• **Work to be completed**
Every line of the data that includes "have" should be copied out.
§
lemma to_CR_labelling_of_rank: "to_CR n d (labelling_of_rank n d Y F) = (Y, induced_preorder F (CR_I n d))"
proof -
  let ?L = "(\<lambda>i. F (i, 0)) ` {1..n}"
  have rows: "enum ?L (i - 1) = F (i, 0)" "F (i, 0) \<in> ?L" "row_index n F (F (i, 0)) = i"
    if "i \<in> {1..n}" for i
    using that enum_strict_mono_image_Suc[OF strict_mono_on_rank_rows] row_index_rank by auto
  have "(\<lambda>i\<in>{1..n}. (\<lambda>l\<in>?L. Y (row_index n F l)) (enum ?L (i - 1))) = Y"
    using rows PiE_arb[OF colour] by (intro ext) simp
  moreover have "induced_preorder (\<lambda>(i, j). (\<lambda>(l, j)\<in>?L \<times> {..<d}. F (row_index n F l, j)) (enum ?L (i - 1), j))
      (CR_I n d) = induced_preorder F (CR_I n d)"
    using rows by (intro induced_preorder_cong) auto
  ultimately show ?thesis
    by (simp add: to_CR_def labelling_of_rank_def Let_def)
qed

end

lemma to_CR_surj:
  assumes d: "0 < d" and V: "finite V" and c: "(Y, R) \<in> coloring_rules (card V) n d k"
  shows "(Y, R) \<in> to_CR n d ` labelled_rules n d k V"
proof -
  have cr: "is_CR n d k Y R" and size: "CR_size n d R = card V"
    using c by (auto simp: coloring_rules_def)
  obtain F where FV: "F ` CR_I n d = V" and RF: "R = induced_preorder F (CR_I n d)"
    using total_preorder_eq_induced_preorder[of "CR_I n d" R V] cr size V
    unfolding is_CR_def CR_size_def by auto
  interpret ranked_rule n d k Y F
    using cr RF is_CR_induced_preorder_iff[OF d] by simp
  show ?thesis
    using labelling_of_rank_mem[OF d FV] to_CR_labelling_of_rank RF by (metis image_eqI)
qed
§
• **Answer section**
  have rows: "enum ?L (i - 1) = F (i, 0)" "F (i, 0) \<in> ?L" "row_index n F (F (i, 0)) = i"
  have "(\<lambda>i\<in>{1..n}. (\<lambda>l\<in>?L. Y (row_index n F l)) (enum ?L (i - 1))) = Y"
  moreover have "induced_preorder (\<lambda>(i, j). (\<lambda>(l, j)\<in>?L \<times> {..<d}. F (row_index n F l, j)) (enum ?L (i - 1), j))
  have cr: "is_CR n d k Y R" and size: "CR_size n d R = card V"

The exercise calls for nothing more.